The complaint by the former major of the Mossos d'Esquadra, Josep Lluís Trapero, for Operation Catalunya is already in the hands of the Anti-Corruption Prosecutor's Office, as reported by ABC and sources from the Public Ministry have confirmed to La Vanguardia. The case reaches Anti-Corruption after the Superior Prosecutor's Office of Catalonia has raised the complaint that Trapero presented last January to the Barcelona Prosecutor's Office following the information published by La Vanguardia and eldiario.es on the 16th and 17th of same month.

Trapero denounced the maneuvers to implicate him in drug trafficking operations, orchestrated by former commissioner José Manuel Villarejo and other former high-ranking police officials under the cover of illegal actions against the Catalan independence movement.

According to this information, the plot orchestrated in the Ministry of the Interior directed by Jorge Fernandéz Díaz attempted to implicate Trapero in a drug trafficking case. Specifically, the information notes from Commissioner Villarejo between July and September 2013 would indicate that the objective was for the head of the investigative court number 1 of Barcelona, ​​Joaquín Aguirre, to charge the head of the Mossos.

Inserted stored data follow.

(* Let $\nu>-1$ be real and let $0<j_1<j_2<\cdots$ be the positive zeros of $J_\nu(\cdot;q^2)$. Then for all $n,m\ge1$, $$\int_0^1 x\,J_\nu(qj_nx;q^2)J_\nu(qj_mx;q^2)\,d_qx=-\tfrac12(1-q)q^{\nu-1}J_{\nu+1}(qj_n;q^2)J_\nu'(j_n;q^2)\,\delta_{n,m},$$ and moreover $$-\tfrac12(1-q)q^{\nu-1}J_{\nu+1}(qj_n;q^2)J_\nu'(j_n;q^2)=\tfrac12(1-q)^2q^{\nu-2}\big(D_qJ_\nu(\cdot;q^2)\big)(j_n)\,J_\nu'(j_n;q^2)=-\tfrac12(1-q)q^{\nu-2}j_n^{-1}J_\nu(qj_n;q^2)J_\nu'(j_n;q^2)=-\tfrac12(1-q)q^{-2}J_{\nu+1}(j_n;q^2)J_\nu'(j_n;q^2).$$
   Context: Fix $0<q<1$. For $a\in\mathbb C$ put $(a;q)_0=1$, $(a;q)_k=\prod_{i=0}^{k-1}(1-aq^i)$, $(a;q)_\infty=\prod_{i\ge0}(1-aq^i)$. For $\nu\in\mathbb C$ and $x\in\mathbb C\setminus\{0\}$ the Hahn–Exton $q$-Bessel function is $$J_\nu(x;q^2)=\frac{x^\nu}{(q^2;q^2)_\infty}\sum_{k=0}^\infty\frac{(-1)^kq^{k(k+1)}(q^{2\nu+2k+2};q^2)_\infty}{(q^2;q^2)_k}\,x^{2k},$$ with $x^\nu=\exp(\nu\operatorname{Log}x)$ (principal branch). $J_\nu'$ is the ordinary derivative in $x$. The $q$-derivative is $(D_qf)(x)=\frac{f(x)-f(qx)}{(1-q)x}$ for $x\ne0$, and the $q$-integral is $\int_0^z f(x)\,d_qx=(1-q)z\sum_{k\ge0}f(zq^k)q^k$. $\delta_{n,m}$ is the Kronecker delta. *)

theory Defs
  imports "HOL-Analysis.Analysis"
begin

definition qpoch :: "complex \<Rightarrow> complex \<Rightarrow> nat \<Rightarrow> complex" where
  "qpoch a p k = (\<Prod>i<k. 1 - a * p ^ i)"

definition qpoch_inf :: "complex \<Rightarrow> complex \<Rightarrow> complex" where
  "qpoch_inf a p = (\<Prod>i. 1 - a * p ^ i)"

text \<open>Hahn--Exton q-Bessel function J_nu(x;q^2), with x^nu via the principal branch
  (complex powr uses the principal logarithm).\<close>
definition hej :: "real \<Rightarrow> real \<Rightarrow> complex \<Rightarrow> complex" where
  "hej q \<nu> x = x powr (complex_of_real \<nu>) / qpoch_inf (of_real (q^2)) (of_real (q^2)) *
     (\<Sum>k. (-1)^k * of_real (q ^ (k*(k+1)))
            * qpoch_inf (of_real (q powr (2*\<nu> + 2*real k + 2))) (of_real (q^2))
            / qpoch (of_real (q^2)) (of_real (q^2)) k * x ^ (2*k))"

The case became known as Macedonia and, in it, an attempt was made to accuse several Catalan police officers of alleged involvement in the use of money from drug trafficking to pay informants and for their own benefit, with Trapero always being the main target of the investigations. investigations.

Last February, the Catalan Superior Prosecutor's Office already took a further step in the investigation of the so-called Operation Catalunya by bringing together several complaints in a single macro-case, initially opened as a result of the investigation of the plot against then chief prosecutor in Catalonia, Martín Rodríguez Sol, with the apparent objective of searching for evidence that would incriminate him. The decision opened the door for others supposedly affected by the dirty war against the independence movement to try to join in and take their cases to court.